Brown, the new chairman of the House Ways and Means committee, is one of the legislative leaders that has resisted Republican Gov. Mike Pence’s demand for a 10 percent tax cut — a demand Pence was apparently still making as the legislative session nears its close.

“He feels very strongly about it,” said Brown, who’s been part of this week’s closed-door negotiations over a budget bill expected to be handed to legislators today, for a final vote Friday.

The bill is likely to include a mix of income, corporate and inheritance tax cuts worth about $500 million, but not the full 10 percent cut in the state’s income tax rate like Pence wants.

The governor believes his tax cut will stimulate spending and job growth, while legislators worry that it’s long-term impact will drain needed revenues from the state.

“As a Republican principle, I’d love to cut as many taxes as I could get my hands around, if that was the responsible thing to do,” Brown said. “But you have to do it with a balanced approach.”

While the first-term governor hasn’t backed down on what he’s called his top legislative priority, neither has the conservative advocacy group, Americans for Prosperity, an organization founded and funded by the billionaire Koch brothers of Kansas.  

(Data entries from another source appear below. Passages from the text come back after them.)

(* Let $A, C, D$ be binary random variables, with $A$ taking values $a,\overline{a}$, $C$ taking values $c,\overline{c}$, $D$ taking values $d,\overline{d}$, and let $Y$ be a real random variable with finite expectation. Suppose the joint distribution factorizes as \[ p(A,C,D,Y)=p(D)\,p(C\mid D)\,p(A\mid C)\,p(Y\mid A,C). \] Assume that $C$ and $D$ are dependent, and that every event $\{A=x, C=y, D=z\}$ has positive probability. If $E[Y\mid A,D]$ and $E[A\mid D]$ are both nondecreasing or both nonincreasing in $D$, then $RD_{obs}\ge RD_{true}$. If $E[Y\mid A,D]$ and $E[A\mid D]$ are one nondecreasing and the other nonincreasing in $D$, then $RD_{obs}\le RD_{true}$.
   Context: $RD_{true}=E[Y|a,c]p(c)+E[Y|a,\overline{c}]p(\overline{c})-E[Y|\overline{a},c]p(c)-E[Y|\overline{a},\overline{c}]p(\overline{c})$; $RD_{obs}=E[Y|a,d]p(d)+E[Y|a,\overline{d}]p(\overline{d})-E[Y|\overline{a},d]p(d)-E[Y|\overline{a},\overline{d}]p(\overline{d})$. $E[Y\mid A,D]$ is nondecreasing in $D$ if $E[Y\mid a,d]\ge E[Y\mid a,\overline{d}]$ and $E[Y\mid \overline{a},d]\ge E[Y\mid \overline{a},\overline{d}]$, nonincreasing if both are reversed. With $a=1,\overline{a}=0$, $E[A\mid D]=p(a\mid D)$ is nondecreasing in $D$ if $p(a\mid d)\ge p(a\mid\overline{d})$ and nonincreasing if $p(a\mid d)\le p(a\mid\overline{d})$. *)

theory Defs
  imports "HOL-Probability.Probability"
begin

text \<open>Binary variables are modelled as bool-valued random variables; the value
  True stands for a, c, d (and a = 1), False for the barred values.\<close>

definition ev :: "'s measure \<Rightarrow> ('s \<Rightarrow> bool) \<Rightarrow> 's set" where
  "ev M P = {\<omega> \<in> space M. P \<omega>}"

definition cprob :: "'s measure \<Rightarrow> ('s \<Rightarrow> bool) \<Rightarrow> ('s \<Rightarrow> bool) \<Rightarrow> real" where
  "cprob M P Q = measure M (ev M (\<lambda>\<omega>. P \<omega> \<and> Q \<omega>)) / measure M (ev M Q)"

definition cexp :: "'s measure \<Rightarrow> ('s \<Rightarrow> real) \<Rightarrow> ('s \<Rightarrow> bool) \<Rightarrow> real" where
  "cexp M Y Q = (\<integral>\<omega>. indicator (ev M Q) \<omega> * Y \<omega> \<partial>M) / measure M (ev M Q)"

definition RD :: "'s measure \<Rightarrow> ('s \<Rightarrow> bool) \<Rightarrow> ('s \<Rightarrow> bool) \<Rightarrow> ('s \<Rightarrow> real) \<Rightarrow> real" where
  "RD M A Z Y =
     cexp M Y (\<lambda>\<omega>. A \<omega> \<and> Z \<omega>) * measure M (ev M Z)
   + cexp M Y (\<lambda>\<omega>. A \<omega> \<and> \<not> Z \<omega>) * measure M (ev M (\<lambda>\<omega>. \<not> Z \<omega>))
   - cexp M Y (\<lambda>\<omega>. \<not> A \<omega> \<and> Z \<omega>) * measure M (ev M Z)
   - cexp M Y (\<lambda>\<omega>. \<not> A \<omega> \<and> \<not> Z \<omega>) * measure M (ev M (\<lambda>\<omega>. \<not> Z \<omega>))"

definition EY_nondec :: "'s measure \<Rightarrow> ('s \<Rightarrow> bool) \<Rightarrow> ('s \<Rightarrow> bool) \<Rightarrow> ('s \<Rightarrow> real) \<Rightarrow> bool" where
  "EY_nondec M A D Y \<longleftrightarrow> (\<forall>x. cexp M Y (\<lambda>\<omega>. A \<omega> = x \<and> D \<omega>) \<ge> cexp M Y (\<lambda>\<omega>. A \<omega> = x \<and> \<not> D \<omega>))"

definition EY_noninc :: "'s measure \<Rightarrow> ('s \<Rightarrow> bool) \<Rightarrow> ('s \<Rightarrow> bool) \<Rightarrow> ('s \<Rightarrow> real) \<Rightarrow> bool" where
  "EY_noninc M A D Y \<longleftrightarrow> (\<forall>x. cexp M Y (\<lambda>\<omega>. A \<omega> = x \<and> D \<omega>) \<le> cexp M Y (\<lambda>\<omega>. A \<omega> = x \<and> \<not> D \<omega>))"

definition EA_nondec :: "'s measure \<Rightarrow> ('s \<Rightarrow> bool) \<Rightarrow> ('s \<Rightarrow> bool) \<Rightarrow> bool" where
  "EA_nondec M A D \<longleftrightarrow> cprob M A D \<ge> cprob M A (\<lambda>\<omega>. \<not> D \<omega>)"

definition EA_noninc :: "'s measure \<Rightarrow> ('s \<Rightarrow> bool) \<Rightarrow> ('s \<Rightarrow> bool) \<Rightarrow> bool" where
  "EA_noninc M A D \<longleftrightarrow> cprob M A D \<le> cprob M A (\<lambda>\<omega>. \<not> D \<omega>)"

end

theory Submission
  imports Defs
begin

(* Write w z = p(D = z), q z = p(c | z), r y = p(a | y) and m x y = E[Y | A = x, C = y].
   The factorization makes E[Y | x, z] the average of m x c and m x c' with weights
   q z p(x | c) and (1 - q z) p(x | c'), whereas RD_true averages them with weights q z and
   1 - q z. Comparing the two averages stratum by stratum gives
     RD_obs - RD_true = sum over z, x of  w z q z (1 - q z) / p(x | z) * (r c - r c') (m x c - m x c'),
   while E[Y | A, D] and p(a | D) move in D with the signs of (q d - q d') (m x c - m x c') and
   (q d - q d') (r c - r c'). Dependence of C and D means q d != q d', so the sign of every
   summand is the product of the two directions of monotonicity. *)

definition wmean :: "real \<Rightarrow> real \<Rightarrow> real \<Rightarrow> real \<Rightarrow> real" where
  "wmean u v s t = (u * s + v * t) / (u + v)"

lemma wmean_diff:
  assumes "u + v \<noteq> 0" "u' + v' \<noteq> 0"
  shows "wmean u v s t - wmean u' v' s t = (s - t) * (u * v' - u' * v) / ((u + v) * (u' + v'))"
  using assms by (simp add: wmean_def field_simps)

lemma wmean_mult_weights_minus_mean:
  assumes "c1 + c0 = 1" "c1 * a1 + c0 * a0 \<noteq> 0"
  shows "wmean (c1 * a1) (c0 * a0) s t - (c1 * s + c0 * t)
       = c1 * c0 * (a1 - a0) * (s - t) / (c1 * a1 + c0 * a0)"
proof -
  have "wmean c1 c0 s t = c1 * s + c0 * t"
    using assms(1) by (simp add: wmean_def)
  moreover have "(s - t) * (c1 * a1 * c0 - c1 * (c0 * a0)) = c1 * c0 * (a1 - a0) * (s - t)"
    by (simp add: algebra_simps)
  ultimately show ?thesis
    using wmean_diff[of "c1 * a1" "c0 * a0" c1 c0 s t] assms by simp
qed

The organization, headed in Indiana by a former Pence aide, ran a second round of targeted TV and radio ads over the weekend. The ads urged viewers and listeners to tell legislators to “do the right thing” and pass Pence’s 10 percent tax cut.

The ads are less aggressive than the ones the organization ran back in March that portrayed the Republicans as rejecting the Pence cut so they could “grow government spending.”

Brown said the ads caught him by surprise. Initially he dismissed them, then grew concerned about the content that he saw as distorted.

“At first I thought, ‘Everybody has the right to freedom of speech,’ ” Brown said. “Then, as I kept seeing them, I thought: ‘Oh, they’re talking about me? I’m the big spender? I didn’t really think I was big spender.’ ”

Brown said the ad campaign put some heat on legislative leaders to include a small income income tax in the final budget bill, but also created ill will.   

“Overall, it didn’t help. It made some people dig in, on both sides,” Brown said.

The final budget bill is just one of several critical issues that legislators have been working to resolve in this last full week of the 2013 session.

As of Wednesday, they were still considering legislation that would delay the state enacting the Common Core State Standards for K-12 schools until a legislative study committee could review education standards again. And they were still wrangling over a gaming bill, with hopes dimming for measures that would allow live dealers at table games at the two racinos and let riverboat casinos build land-based venues on property they currently own.